- Official cover

Single by Blanco

from the album Innamorato
- Released: 10 November 2023
- Length: 3:57
- Label: Island; Universal;
- Songwriters: Riccardo Fabbriconi; Davide Petrella; Michele Zocca;
- Producer: Michelangelo

Blanco singles chronology
| "Bon ton" (2023) | "Bruciasse il cielo" (2023) | "Adrenalina" (2024) |

Music video
- "Bruciasse il cielo" on YouTube

= Bruciasse il cielo =

"Bruciasse il cielo" is a song by Italian singer-songwriter Blanco.
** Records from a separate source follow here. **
lemma low_rank_net:
  obtains Zs :: "(real^'d^'d) set"
  where "finite Zs" and "real (card Zs) \<le> 81 ^ (CARD('d) * CARD('k::finite))"
    and "\<And>Z. Z \<in> Zs \<Longrightarrow> rank Z \<le> CARD('k) \<and> norm Z \<le> 1"
    and "\<And>G s Z. (\<And>Z'. Z' \<in> Zs \<Longrightarrow> G \<bullet> Z' \<le> s) \<Longrightarrow> rank Z \<le> CARD('k) \<Longrightarrow> G \<bullet> Z \<le> 2 * s * norm Z"
proof -
  obtain FQ :: "(real^'k^'d) set" where FQ: "finite FQ" "FQ \<subseteq> {Q. matrix_onorm Q \<le> 1}"
      "real (card FQ) \<le> 9 ^ (CARD('d) * CARD('k))"
      "\<And>Q. matrix_onorm Q \<le> 1 \<Longrightarrow> \<exists>Q0\<in>FQ. matrix_onorm (Q - Q0) \<le> 1/4"
    using matrix_onorm.exists_net[of "1/4" "{Q. matrix_onorm Q \<le> 1}"] by auto
  obtain FB :: "(real^'d^'k) set" where FB: "finite FB" "FB \<subseteq> {B. norm B \<le> 1}"
      "real (card FB) \<le> 9 ^ (CARD('d) * CARD('k))"
      "\<And>B. norm B \<le> 1 \<Longrightarrow> \<exists>B0\<in>FB. norm (B - B0) \<le> 1/4"
    using frobenius.exists_net[of "1/4" "{B. norm B \<le> 1}"] by (auto simp: mult.commute)
  define Zs where "Zs = (\<lambda>(Q, B). Q ** B) ` (FQ \<times> FB)"
  show thesis
  proof
    show "finite Zs" using FQ FB by (simp add: Zs_def)
    have "real (card Zs) \<le> real (card FQ) * real (card FB)"
      unfolding Zs_def by (metis card_cartesian_product card_image_le finite_cartesian_product FQ(1) FB(1) of_nat_le_iff of_nat_mult)
    also have "\<dots> \<le> 9 ^ (CARD('d) * CARD('k)) * 9 ^ (CARD('d) * CARD('k))"
      using FQ(3) FB(3) by (intro mult_mono) auto
    finally show "real (card Zs) \<le> 81 ^ (CARD('d) * CARD('k))"
      by (simp add: power_mult_distrib[symmetric])
  next
    fix Z assume "Z \<in> Zs"
    then obtain Q B where QB: "Z = Q ** B" "Q \<in> FQ" "B \<in> FB" by (auto simp: Zs_def)
    have "norm Z \<le> 1" using FQ(2) FB(2) QB by (auto intro: norm_matrix_mult_le_1)
    then show "rank Z \<le> CARD('k) \<and> norm Z \<le> 1"
      using rank_matrix_mult_le_card[of Q B] QB by simp
  next
    fix G :: "real^'d^'d" and s and Z :: "real^'d^'d"
    assume "\<And>Z'. Z' \<in> Zs \<Longrightarrow> G \<bullet> Z' \<le> s" and "rank Z \<le> CARD('k)"
    then show "G \<bullet> Z \<le> 2 * s * norm Z"
      using FQ(2,4) FB(4) by (intro inner_le_of_factored_net[of FQ FB]) (auto simp: Zs_def)
  qed
qed

section \<open>Subgaussian sums\<close>

context prob_space
begin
It was released on 10 November 2023 by Island Records and Universal Music as the first single from the digital re-issue of Blanco's second studio album Innamorato.

==Music video==
The music video for "Bruciasse il cielo", directed by Simone Peluso, was released on the same day via Blanco's YouTube channel.

==Personnel==
Credits adapted from Tidal.
- Blanco – associated performer, lyricist, composer, vocals
- Davide Petrella – lyricist and composer
- Michelangelo – producer and composer

==Charts==

Weekly chart performance for "Bruciasse il cielo"
| Chart (2023) | Peak position |
|---|---|
| Italy (FIMI) | 5 |

==Certifications==

Certifications for "Bruciasse il cielo"
| Region | Certification | Certified units/sales |
| Italy (FIMI) | Platinum | 100,000^{‡} |
^{‡} Sales+streaming figures based on certification alone.